This is a proposition to which I cannot assent, and least of all in its application to a class of cases which so largely partake of a public character. It is stated by counsel for appellant in his petition for a rehearing that the question as to the civil jurisdiction of the police court of the city of Fresno has long been the subject of vexatious controversy among the members of the local bar. If this is so it is especially important, as it is in all doubtful cases of this sort, that the question should be authoritatively settled by a decision of this court; for the more doubtful such a question is the more it becomes a public question, and the more necessary that it should be set at rest, not only for the benefit of all who are liable to be harassed by the exercise of the asserted jurisdiction if unlawful, but equally for the benefit of those who may have occasion to invoke it, if lawful.
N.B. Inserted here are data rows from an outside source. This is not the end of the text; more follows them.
lemma phase_separated_fixed_middle:
  assumes e: "e = 1 \<or> e = -1" and N: "16 * N3 \<le> N1"
    and supp: "\<And>i. G i \<noteq> 0 \<Longrightarrow> int N1 \<le> 2 * \<bar>fst i\<bar>"
  shows "phase_separated (real N1 / 2) {i \<in> R \<times> R' \<times> {-2 * int N3..2 * int N3}. fst (snd i) = n}
    G (triple_freq e) (triple_phase e) (\<lambda>i. snd (snd i))"
  unfolding phase_separated_def
proof (intro ballI impI)
  fix i j
  assume "i \<in> {i \<in> R \<times> R' \<times> {-2 * int N3..2 * int N3}. fst (snd i) = n}"
    and "j \<in> {i \<in> R \<times> R' \<times> {-2 * int N3..2 * int N3}. fst (snd i) = n}"
  then obtain r m r' m' where ij: "i = (r, n, m)" "j = (r', n, m')"
    and m: "\<bar>m\<bar> \<le> 2 * int N3" "\<bar>m'\<bar> \<le> 2 * int N3" by auto
  assume "i \<noteq> j \<and> G i \<noteq> 0 \<and> G j \<noteq> 0 \<and> triple_freq e i = triple_freq e j"
  then have gap: "m \<noteq> m' \<and> int N1 * \<bar>m - m'\<bar> \<le> 2 * \<bar>(e * r\<^sup>2 + (-1) * m\<^sup>2) - (e * r'\<^sup>2 + (-1) * m'\<^sup>2)\<bar>"
    using supp[of i] supp[of j] m N unfolding ij by (intro resonance_gap[OF e]) (auto simp: triple_freq_def)
  have "real_of_int (int N1 * \<bar>m - m'\<bar>) \<le> real_of_int (2 * \<bar>(e * r\<^sup>2 + (-1) * m\<^sup>2) - (e * r'\<^sup>2 + (-1) * m'\<^sup>2)\<bar>)"
    using gap by (simp only: of_int_le_iff)
  moreover have "triple_phase e i - triple_phase e j = real_of_int ((e * r\<^sup>2 + (-1) * m\<^sup>2) - (e * r'\<^sup>2 + (-1) * m'\<^sup>2))"
    unfolding ij by (simp add: triple_phase_def)
  ultimately show "snd (snd i) \<noteq> snd (snd j) \<and>
      real N1 / 2 * \<bar>real_of_int (snd (snd i) - snd (snd j))\<bar> \<le> \<bar>triple_phase e i - triple_phase e j\<bar>"
    using gap unfolding ij by simp
qed

lemma sum_norm_triple_coeff_le:
  assumes "\<And>k. cmod (\<sigma> k) \<le> B"
  shows "(\<Sum>i\<in>R1 \<times> R2 \<times> R3. (cmod (triple_coeff \<sigma> a c2 c3 i))\<^sup>2)
     \<le> B\<^sup>2 * ((\<Sum>r\<in>R1. (cmod (a r))\<^sup>2) * (\<Sum>n\<in>R2. (cmod (c2 n))\<^sup>2) * (\<Sum>m\<in>R3. (cmod (c3 m))\<^sup>2))"
proof -
  have "(\<Sum>i\<in>R1 \<times> R2 \<times> R3. (cmod (triple_coeff \<sigma> a c2 c3 i))\<^sup>2)
      \<le> (\<Sum>(r, n, m)\<in>R1 \<times> R2 \<times> R3. B\<^sup>2 * ((cmod (a r))\<^sup>2 * (cmod (c2 n))\<^sup>2 * (cmod (c3 m))\<^sup>2))"
  proof (intro sum_mono, clarify)
    fix r n m
    have "(cmod (\<sigma> (n - m)))\<^sup>2 \<le> B\<^sup>2" using assms[of "n - m"] by (simp add: power_mono)
    then have "(cmod (\<sigma> (n - m)))\<^sup>2 * ((cmod (a r))\<^sup>2 * (cmod (c2 n))\<^sup>2 * (cmod (c3 m))\<^sup>2)
        \<le> B\<^sup>2 * ((cmod (a r))\<^sup>2 * (cmod (c2 n))\<^sup>2 * (cmod (c3 m))\<^sup>2)"
      by (rule mult_right_mono) simp
    then show "(cmod (triple_coeff \<sigma> a c2 c3 (r, n, m)))\<^sup>2 \<le> B\<^sup>2 * ((cmod (a r))\<^sup>2 * (cmod (c2 n))\<^sup>2 * (cmod (c3 m))\<^sup>2)"
      by (simp add: triple_coeff_def norm_mult power_mult_distrib mult_ac)
  qed
  also have "\<dots> = B\<^sup>2 * ((\<Sum>r\<in>R1. (cmod (a r))\<^sup>2) * (\<Sum>n\<in>R2. (cmod (c2 n))\<^sup>2) * (\<Sum>m\<in>R3. (cmod (c3 m))\<^sup>2))"
  proof -
    have "(\<Sum>(r, n, m)\<in>R1 \<times> R2 \<times> R3. X r * Y n * Z m) = sum X R1 * sum Y R2 * sum Z R3"
      for X Y Z :: "int \<Rightarrow> real"
      by (simp add: sum.cartesian_product[symmetric] sum_distrib_left[symmetric] sum_distrib_right[symmetric])
    from this[of "\<lambda>r. (cmod (a r))\<^sup>2" "\<lambda>n. (cmod (c2 n))\<^sup>2" "\<lambda>m. (cmod (c3 m))\<^sup>2"] show ?thesis
      by (simp add: sum_distrib_left[symmetric] case_prod_beta')
  qed
  finally show ?thesis .
qed

lemma triple_fibration:
  fixes R :: "int set"
  assumes e: "e = 1 \<or> e = -1" and big2: "16 * N2 \<le> N1" and big3: "16 * N3 \<le> N1"
    and supp: "\<And>i. G i \<noteq> 0 \<Longrightarrow> int N1 \<le> 2 * \<bar>fst i\<bar>"
  defines "I \<equiv> R \<times> {-2 * int N2..2 * int N2} \<times> {-2 * int N3..2 * int N3}"
  obtains \<rho> \<kappa> :: "int \<times> int \<times> int \<Rightarrow> int"
  where "\<And>p. phase_separated (real N1 / 2) {i\<in>I. \<rho> i = p} G (triple_freq e) (triple_phase e) \<kappa>"
    and "card (\<rho> ` I) \<le> 4 * min N2 N3 + 1"
proof (cases "N3 \<le> N2")
  case True
  have "card ((\<lambda>i. snd (snd i)) ` I) \<le> card {-2 * int N3..2 * int N3}"
    by (intro card_mono) (auto simp: I_def)
  with True phase_separated_fixed_last[OF e big2 supp] show ?thesis
    by (intro that[of "\<lambda>i. snd (snd i)" "\<lambda>i. fst (snd i)"]) (auto simp: I_def min_def)
next
  case False
  have "card ((\<lambda>i. fst (snd i)) ` I) \<le> card {-2 * int N2..2 * int N2}"
    by (intro card_mono) (auto simp: I_def)
  with False phase_separated_fixed_middle[OF e big3 supp] show ?thesis
    by (intro that[of "\<lambda>i. fst (snd i)" "\<lambda>i. snd (snd i)"]) (auto simp: I_def min_def)
qed

lemma trilinear_energy_le:
  fixes a c2 c3 \<sigma> :: "int \<Rightarrow> complex"
  assumes e: "e = 1 \<or> e = -1" and N2: "1 \<le> N2"
    and big2: "16 * N2 \<le> N1" and big3: "16 * N3 \<le> N1"
    and supp: "\<And>r. a r \<noteq> 0 \<Longrightarrow> int N1 \<le> 2 * \<bar>r\<bar>"
    and \<delta>: "0 \<le> \<delta>" and \<sigma>: "\<And>k. cmod (\<sigma> k) \<le> B"
  shows "(LBINT t=0..\<delta>. (LBINT x=0..2*pi.
      (cmod ((\<Sum>r\<in>{-2 * int N1..2 * int N1}. a r * cis (real_of_int (e * r) * x - real_of_int (e * r\<^sup>2) * t))
        * mult_prod \<sigma> N2 c2 N3 c3 t x))\<^sup>2))
    \<le> real (4 * min N2 N3 + 1) * (36 * pi * (\<delta> + 1 / (real N1 / 2))) *
       (B\<^sup>2 * ((\<Sum>r\<in>{-2 * int N1..2 * int N1}. (cmod (a r))\<^sup>2) * (\<Sum>n\<in>{-2 * int N2..2 * int N2}. (cmod (c2 n))\<^sup>2)
          * (\<Sum>m\<in>{-2 * int N3..2 * int N3}. (cmod (c3 m))\<^sup>2)))"
proof -
  define I where "I = {-2 * int N1..2 * int N1} \<times> {-2 * int N2..2 * int N2} \<times> {-2 * int N3..2 * int N3}"
  let ?G = "triple_coeff \<sigma> a c2 c3"
  have S: "0 < real N1 / 2" using big2 N2 by simp
  have supp_G: "int N1 \<le> 2 * \<bar>fst i\<bar>" if "?G i \<noteq> 0" for i
    using that supp by (cases i) (auto simp: triple_coeff_def)
  obtain \<rho> \<kappa> :: "int \<times> int \<times> int \<Rightarrow> int" where
    sep: "\<And>p. phase_separated (real N1 / 2) {i\<in>I. \<rho> i = p} ?G (triple_freq e) (triple_phase e) \<kappa>"
    and card: "card (\<rho> ` I) \<le> 4 * min N2 N3 + 1"
    using triple_fibration[where G = ?G and R = "{-2 * int N1..2 * int N1}", OF e big2 big3 supp_G, folded I_def]
    by blast
  have "(LBINT t=0..\<delta>. (LBINT x=0..2*pi.
      (cmod ((\<Sum>r\<in>{-2 * int N1..2 * int N1}. a r * cis (real_of_int (e * r) * x - real_of_int (e * r\<^sup>2) * t))
        * mult_prod \<sigma> N2 c2 N3 c3 t x))\<^sup>2))
      = integral {0..\<delta>} (\<lambda>t. integral {0..2*pi}
          (\<lambda>x. (cmod (plane_waves I ?G (triple_freq e) (triple_phase e) t x))\<^sup>2))"
    unfolding waves_times_mult_prod_eq_plane_waves I_def
    by (rule interval_integral_plane_waves_energy) (use \<delta> in auto)
  also have "\<dots> \<le> real (card (\<rho> ` I)) * (36 * pi * (\<delta> + 1 / (real N1 / 2))) * (\<Sum>i\<in>I. (cmod (?G i))\<^sup>2)"
    by (rule plane_waves_energy_le_fibres[OF _ S \<delta> sep]) (simp add: I_def)
  also have "\<dots> \<le> real (4 * min N2 N3 + 1) * (36 * pi * (\<delta> + 1 / (real N1 / 2))) *
       (B\<^sup>2 * ((\<Sum>r\<in>{-2 * int N1..2 * int N1}. (cmod (a r))\<^sup>2) * (\<Sum>n\<in>{-2 * int N2..2 * int N2}. (cmod (c2 n))\<^sup>2)
          * (\<Sum>m\<in>{-2 * int N3..2 * int N3}. (cmod (c3 m))\<^sup>2)))"
    using card sum_norm_triple_coeff_le[of \<sigma> B, OF \<sigma>] \<delta> S
    by (intro mult_mono) (auto simp: I_def intro: sum_nonneg)
  finally show ?thesis .
qed
(* The function $\check J$ is continuous on $\mathcal M_T$.
   Context: Fix integers $n,m,T\ge 1$, a scalar $\varepsilon>0$, matrices $A_k\in\mathbb R^{n\times n}$, $B_k\in\mathbb R^{n\times m}$ ($k=0,\dots,T-1$), and symmetric positive definite matrices $R_k\in\mathbb R^{m\times m}$, $\Sigma_{w_k}\in\mathbb R^{n\times n}$ ($k=0,\dots,T-1$), $F,\Sigma_{x_{\mathrm{ini}}}\in\mathbb R^{n\times n}$. Let $\mathcal M_T=(\mathbb S^m_{\succeq 0})^T$ with $\mathbb S^m_{\succeq0}$ the symmetric PSD $m\times m$ matrices; $\Sigma^{1/2}$ the PSD square root, $|\cdot|$ the determinant. For $(\Sigma_{\rho_0},\dots,\Sigma_{\rho_{T-1}})\in\mathcal M_T$ define backwards $\Pi_T=F$, $C_k=(R_k+B_k^\top\Pi_{k+1}B_k)/\varepsilon$, $\Pi_k=A_k^\top\Pi_{k+1}A_k-\frac1\varepsilon A_k^\top\Pi_{k+1}B_k\Sigma_{\rho_k}^{1/2}(I+\Sigma_{\rho_k}^{1/2}C_k\Sigma_{\rho_k}^{1/2})^{-1}\Sigma_{\rho_k}^{1/2}B_k^\top\Pi_{k+1}A_k$, $\Sigma_{Q_k}=\varepsilon(R_k+B_k^\top\Pi_{k+1}B_k)^{-1}$, and $\check J(\Sigma_{\rho_0},\dots,\Sigma_{\rho_{T-1}})=\frac12\Big[\mathrm{Tr}(\Pi_0\Sigma_{x_{\mathrm{ini}}})+\sum_{k=0}^{T-1}\Big(\varepsilon\log\frac{|\Sigma_{\rho_k}+\Sigma_{Q_k}|}{|\Sigma_{Q_k}|}+\mathrm{Tr}(\Pi_{k+1}\Sigma_{w_k})\Big)\Big]$. *)

theory Defs
  imports "HOL-Analysis.Analysis"
begin

definition psd :: "real^'m^'m \<Rightarrow> bool" where
  "psd M \<longleftrightarrow> transpose M = M \<and> (\<forall>x. 0 \<le> x \<bullet> (M *v x))"

definition pd :: "real^'m^'m \<Rightarrow> bool" where
  "pd M \<longleftrightarrow> transpose M = M \<and> (\<forall>x. x \<noteq> 0 \<longrightarrow> 0 < x \<bullet> (M *v x))"

definition psd_sqrt :: "real^'m^'m \<Rightarrow> real^'m^'m" where
  "psd_sqrt M = (THE S. psd S \<and> S ** S = M)"

text \<open>One backward step of the Riccati-type recursion: given \<Pi>_{k+1} = P, compute \<Pi>_k.\<close>
definition Pi_step ::
  "real \<Rightarrow> real^'n^'n \<Rightarrow> real^'m^'n \<Rightarrow> real^'m^'m \<Rightarrow> real^'m^'m \<Rightarrow> real^'n^'n \<Rightarrow> real^'n^'n" where
  "Pi_step \<epsilon> Ak Bk Rk Srho P =
     (let C = (1/\<epsilon>) *\<^sub>R (Rk + transpose Bk ** P ** Bk);
          H = psd_sqrt Srho
      in transpose Ak ** P ** Ak
         - (1/\<epsilon>) *\<^sub>R (transpose Ak ** P ** Bk ** H ** matrix_inv (mat 1 + H ** C ** H)
                         ** H ** transpose Bk ** P ** Ak))"

text \<open>PiR j = \<Pi>_{T-j}, for j \<le> T.\<close>
fun PiR ::
  "real \<Rightarrow> nat \<Rightarrow> (nat \<Rightarrow> real^'n^'n) \<Rightarrow> (nat \<Rightarrow> real^'m^'n) \<Rightarrow> (nat \<Rightarrow> real^'m^'m)
   \<Rightarrow> real^'n^'n \<Rightarrow> (nat \<Rightarrow> real^'m^'m) \<Rightarrow> nat \<Rightarrow> real^'n^'n" where
  "PiR \<epsilon> T A B R F S 0 = F"
| "PiR \<epsilon> T A B R F S (Suc j) =
     Pi_step \<epsilon> (A (T - Suc j)) (B (T - Suc j)) (R (T - Suc j)) (S (T - Suc j)) (PiR \<epsilon> T A B R F S j)"

definition Pi ::
  "real \<Rightarrow> nat \<Rightarrow> (nat \<Rightarrow> real^'n^'n) \<Rightarrow> (nat \<Rightarrow> real^'m^'n) \<Rightarrow> (nat \<Rightarrow> real^'m^'m)
   \<Rightarrow> real^'n^'n \<Rightarrow> (nat \<Rightarrow> real^'m^'m) \<Rightarrow> nat \<Rightarrow> real^'n^'n" where
  "Pi \<epsilon> T A B R F S k = PiR \<epsilon> T A B R F S (T - k)"

definition SigmaQ ::
  "real \<Rightarrow> nat \<Rightarrow> (nat \<Rightarrow> real^'n^'n) \<Rightarrow> (nat \<Rightarrow> real^'m^'n) \<Rightarrow> (nat \<Rightarrow> real^'m^'m)
   \<Rightarrow> real^'n^'n \<Rightarrow> (nat \<Rightarrow> real^'m^'m) \<Rightarrow> nat \<Rightarrow> real^'m^'m" where
  "SigmaQ \<epsilon> T A B R F S k =
     \<epsilon> *\<^sub>R matrix_inv (R k + transpose (B k) ** Pi \<epsilon> T A B R F S (Suc k) ** B k)"
lemma poly_eval_mult: "poly_eval n (poly_mult n a b) x = poly_eval n a x * poly_eval n b x"
proof -
  let ?P = "\<lambda>S. \<Prod>i\<in>S. if x i then 1 else 0 :: real"
  have P_Un: "?P S * ?P T = ?P (S \<union> T)" if "S \<in> Pow {..<n}" "T \<in> Pow {..<n}" for S T
    using that finite_subset[of _ "{..<n}"] by (auto simp: prod_indicator_eq)
  have "poly_eval n a x * poly_eval n b x =
        (\<Sum>S\<in>Pow {..<n}. \<Sum>T\<in>Pow {..<n}. a S * b T * ?P (S \<union> T))"
    unfolding poly_eval_def sum_product
    by (intro sum.cong refl) (simp add: P_Un[symmetric] algebra_simps)
  also have "\<dots> = (\<Sum>(S, T) \<in> Pow {..<n} \<times> Pow {..<n}. a S * b T * ?P (S \<union> T))"
    by (simp add: sum.cartesian_product)
  also have "\<dots> = (\<Sum>U\<in>Pow {..<n}.
      \<Sum>(S, T) \<in> {(S, T) \<in> Pow {..<n} \<times> Pow {..<n}. S \<union> T = U}. a S * b T * ?P (S \<union> T))"
    by (rule sum_group_by_union) auto
  also have "\<dots> = poly_eval n (poly_mult n a b) x"
    unfolding poly_eval_def poly_mult_def sum_distrib_right
    by (intro sum.cong refl) auto
  finally show ?thesis ..
qed

lemma poly_deg_le_mult:
  assumes "poly_deg_le n a d" "poly_deg_le n b e"
  shows "poly_deg_le n (poly_mult n a b) (d + e)"
  unfolding poly_deg_le_def
proof (intro allI impI)
  fix U assume U: "U \<subseteq> {..<n} \<and> poly_mult n a b U \<noteq> 0"
  then obtain S T where ST: "S \<subseteq> {..<n}" "T \<subseteq> {..<n}" "S \<union> T = U" "a S * b T \<noteq> 0"
    unfolding poly_mult_def by (auto elim!: sum.not_neutral_contains_not_neutral)
  have "card U \<le> card S + card T"
    using ST(3) card_Un_le by blast
  also have "\<dots> \<le> d + e"
    using assms ST unfolding poly_deg_le_def by (intro add_mono) auto
  finally show "card U \<le> d + e" .
qed

lemma poly_eval_const: "poly_eval n (poly_const r) x = r"
proof -
  have "poly_eval n (poly_const r) x = (\<Sum>S\<in>Pow {..<n}. if S = {} then r else 0)"
    unfolding poly_eval_def poly_const_def by (intro sum.cong) auto
  then show ?thesis by simp
qed
lemma descriptors_card_Un:
  assumes "(r, B, C) \<in> descriptors" "r \<noteq> 1"
  shows "card (B \<union> C) = r * t"
proof -
  have "2 \<le> r" "card B = t - 1" "card C = (r - 1) * t + 1"
    using assms by (auto simp: mem_descriptors_iff)
  moreover have "card (B \<union> C) = card B + card C"
    using assms(1) descriptors_finite_sets descriptors_disjoint by (blast intro: card_Un_disjoint)
  ultimately show ?thesis using t_ge_2 by (cases r) (auto simp: algebra_simps)
qed

lemma length_column:
  assumes "d \<in> descriptors"
  shows "length (column d) = t"
proof -
  obtain r B C where d: "d = (r, B, C)" using prod_cases3 by metis
  show ?thesis using assms t_ge_2 unfolding d by (auto simp: column_def mem_descriptors_iff)
qed

lemma column_support:
  assumes "d \<in> descriptors" "v \<in> set (column d)" "i \<notin> {1..s*t}"
  shows "v i = 0"
proof -
  obtain r B C where d: "d = (r, B, C)" using prod_cases3 by metis
  have mem: "(r, B, C) \<in> descriptors" using assms(1) unfolding d .
  have "finite B" "finite C" using descriptors_finite_sets[OF mem] by auto
  moreover have "i \<notin> B \<union> C" using descriptors_subset[OF mem] assms(3) by blast
  ultimately show ?thesis
    using assms(2) unfolding d column_def
      by (auto simp: basis_vec_def basis_sum_apply split: if_splits)
qed

lemma column_spans:
  assumes "(r, B, C) \<in> descriptors"
  shows "basis_vec ` B \<subseteq> set (column (r, B, C))"
    and "basis_sum C \<in> lin_span (set (column (r, B, C)))"
proof -
  have fin: "finite B" "finite C" using descriptors_finite_sets[OF assms] by auto
  show "basis_vec ` B \<subseteq> set (column (r, B, C))"
    using assms fin by (auto simp: column_def mem_descriptors_iff)
  show "basis_sum C \<in> lin_span (set (column (r, B, C)))"
  proof (cases "r = 1")
    case True
    then show ?thesis using fin by (intro basis_sum_in_lin_span) (simp_all add: column_def)
  next
    case False
    then show ?thesis by (intro lin_span_base) (simp add: column_r)
  qed
qed

lemma basis_vec_in_column:
  assumes "d \<in> descriptors" "cell_contains i d"
  shows "basis_vec i \<in> set (column d)"
proof -
  obtain r B C where d: "d = (r, B, C)" using prod_cases3 by metis
  have "finite C" using assms(1) descriptors_finite_sets unfolding d by auto
  then show ?thesis
    using assms(2) column_spans(1)[of r B C] assms(1)
    unfolding d by (auto simp: cell_contains_def column_def split: if_splits)
qed

lemma basis_vec_in_lin_span_pair:
  assumes "d \<in> descriptors" "d' \<in> descriptors" "avoids i d" "sum_contains i d'"
    and "avoid_key d = sum_key i d'"
  shows "(basis_vec i :: nat \<Rightarrow> 'a::field) \<in> lin_span (set (column d) \<union> set (column d'))"
proof -
  obtain r B C r' B' C' where dd: "d = (r, B, C)" "d' = (r', B', C')"
    using prod_cases3 by metis
  let ?S = "set (column d :: (nat \<Rightarrow> 'a) list) \<union> set (column d')"
  have fin: "finite B" "finite C" "finite C'"
    using assms(1,2) descriptors_finite_sets unfolding dd by auto
  have r': "r' \<noteq> 1" "i \<in> C'" using assms(4) unfolding dd sum_contains_def by auto
  have key: "C' = {i} \<union> (B \<union> C)" "i \<notin> B \<union> C"
    using assms(5) r'(2) unfolding dd avoid_key_def sum_key_def by auto
  have "(basis_sum C' :: nat \<Rightarrow> 'a) = (\<lambda>x. basis_sum {i} x + basis_sum (B \<union> C) x)"
    unfolding key(1) by (rule basis_sum_Un) (use fin key(2) in auto)
  moreover have "(basis_sum (B \<union> C) :: nat \<Rightarrow> 'a) = (\<lambda>x. basis_sum B x + basis_sum C x)"
    using fin descriptors_disjoint[of r B C] assms(1) unfolding dd by (intro basis_sum_Un) auto
  ultimately have sum_C': "(basis_sum C' :: nat \<Rightarrow> 'a)
      = (\<lambda>x. basis_vec i x + (basis_sum B x + basis_sum C x))"
    by (simp add: basis_sum_singleton)
  have "basis_sum C' \<in> lin_span ?S"
    using r'(1) unfolding dd by (intro lin_span_base) (simp add: column_r)
  moreover have "basis_sum B \<in> lin_span ?S"
    using column_spans(1)[of r B C] assms(1) fin unfolding dd by (intro basis_sum_in_lin_span) auto
  moreover have "basis_sum C \<in> lin_span ?S"
    using column_spans(2)[of r B C] assms(1) lin_span_mono[of "set (column d)" ?S] unfolding dd
    by auto
  ultimately have "(\<lambda>x. basis_sum C' x - (basis_sum B x + basis_sum C x)) \<in> lin_span ?S"
    by (intro lin_span_diff lin_span_add)
  then show ?thesis unfolding sum_C' by simp
qed

lemma avoids_descriptors:
  assumes "(r, B, C) \<in> descriptors" "avoids i (r, B, C)" "i \<in> {1..s*t}"
  shows "i \<notin> B \<union> C" "r = 1 \<or> 2 \<le> r \<and> r < s"
proof -
  show i: "i \<notin> B \<union> C"
    using assms(1,2)
      by (auto simp: avoids_def cell_contains_def sum_contains_def mem_descriptors_iff)
  have "r \<noteq> s" if "r \<noteq> 1"
  proof
    assume "r = s"
    then have "card (B \<union> C) = card {1..s*t}" using descriptors_card_Un[OF assms(1) that] by simp
    then have "B \<union> C = {1..s*t}"
      using card_subset_eq[OF finite_atLeastAtMost descriptors_subset[OF assms(1)]] by simp
    then show False using i assms(3) by blast
  qed
  then show "r = 1 \<or> 2 \<le> r \<and> r < s" using assms(1) by (auto simp: mem_descriptors_iff)
qed

lemma finite_key: "K \<subseteq> {1..s*t} - {i} \<Longrightarrow> finite K \<and> i \<notin> K"
  using finite_subset[of K "{1..s*t}"] by auto

section \<open>Matching avoiding columns with sum-cell columns\<close>

definition avoid_fibre :: "nat \<Rightarrow> nat set \<Rightarrow> (nat \<times> nat set \<times> nat set) set" where
  "avoid_fibre i K = {d \<in> descriptors. avoids i d \<and> avoid_key d = K}"

definition sum_fibre :: "nat \<Rightarrow> nat set \<Rightarrow> (nat \<times> nat set \<times> nat set) set" where
  "sum_fibre i K = {d \<in> descriptors. sum_contains i d \<and> sum_key i d = K}"

lemma fibre_key_shape:
  assumes "d \<in> avoid_fibre i K \<union> sum_fibre i K" "i \<in> {1..s*t}"
  shows "\<exists>r. 1 \<le> r \<and> r < s \<and> card K = r * t \<and> K \<subseteq> {1..s*t} - {i}"
proof -
  obtain r B C where d: "d = (r, B, C)" using prod_cases3 by metis
  have mem: "(r, B, C) \<in> descriptors" using assms(1) unfolding d avoid_fibre_def sum_fibre_def
    by auto
  show ?thesis
  proof (cases "d \<in> avoid_fibre i K")
    case True
    then have avoid: "avoids i (r, B, C)" "K = B \<union> C"
      unfolding d avoid_fibre_def avoid_key_def by auto
    then have "K \<subseteq> {1..s*t} - {i}"
      using avoids_descriptors(1)[OF mem avoid(1) assms(2)] descriptors_subset[OF mem] by auto
    moreover have "card K = r * t" "1 \<le> r" "r < s"
      using avoids_descriptors(2)[OF mem avoid(1) assms(2)] descriptors_card_Un[OF mem] mem s_ge_2
      unfolding avoid(2) by (auto simp: mem_descriptors_iff)
    ultimately show ?thesis by blast
  next
    case False
    then have "sum_contains i (r, B, C)" "K = C - {i}"
      using assms(1) unfolding d sum_fibre_def sum_key_def by auto
    then have "r \<noteq> 1" "i \<in> C" "K = C - {i}" by (auto simp: sum_contains_def)
    moreover have "finite C" using descriptors_finite_sets[OF mem] by simp
    ultimately show ?thesis
      using mem by (intro exI[of _ "r - 1"]) (auto simp: mem_descriptors_iff)
  qed
qed

lemma avoid_fibre_type1:
  assumes "card K = t" "K \<subseteq> {1..s*t} - {i}"
  shows "avoid_fibre i K = {(1, {}, K)}"
proof (intro set_eqI iffI)
  fix d :: "nat \<times> nat set \<times> nat set" assume "d \<in> avoid_fibre i K"
  moreover obtain r B C where d: "d = (r, B, C)" using prod_cases3 by metis
  ultimately have mem: "(r, B, C) \<in> descriptors" and K: "K = B \<union> C"
    unfolding avoid_fibre_def avoid_key_def by auto
  have "r = 1"
  proof (rule ccontr)
    assume "r \<noteq> 1"
    then have "card K = r * t" "2 \<le> r" using descriptors_card_Un[OF mem] mem K
      by (auto simp: mem_descriptors_iff)
    then show False using assms(1) t_ge_2 by simp
  qed
  then show "d \<in> {(1, {}, K)}" using mem K unfolding d by (auto simp: mem_descriptors_iff)
next
  fix d :: "nat \<times> nat set \<times> nat set" assume "d \<in> {(1, {}, K)}"
  then show "d \<in> avoid_fibre i K"
    using assms by (auto simp: avoid_fibre_def mem_descriptors_iff avoids_def cell_contains_def
        sum_contains_def avoid_key_def)
qed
Without dwelling further on the general considerations which sustain the policy of the framers of the constitution in securing the right of all persons, menaced by a threatened usurpation of judicial authority, to invoke the protection of this court directly or by appeal, I wish to notice briefly the cases cited as authority for the decision of the district court of appeal. Most of them are not in point, for they were decisions in original proceedings commenced in this court to prohibit the superior court or judges of those courts from exercising jurisdiction in matters which could be brought here for review on appeal. Of course, in such cases the appeal would secure to the petitioner as full a review in this court of the question of jurisdiction as he could have in prohibition, and was therefore in most cases an adequate remedy. This circumstance marks the wide distinction between all that class of cases and this case in which the petitioner is remitted to an appeal which ends in the superior court, a court with final appellate jurisdiction to decide whether a defendant in an action properly brought before it owes $121 — but not the court of last resort upon a question of jurisdiction. *Page 160
It must be admitted, however, that among the decisions of this court cited in the opinion of the district court of appeal, there are two or three which sustain and would have compelled its conclusion, as well as that of the superior court, that an appeal from "the judgment sought" was as complete a remedy as the appellant had any right to claim.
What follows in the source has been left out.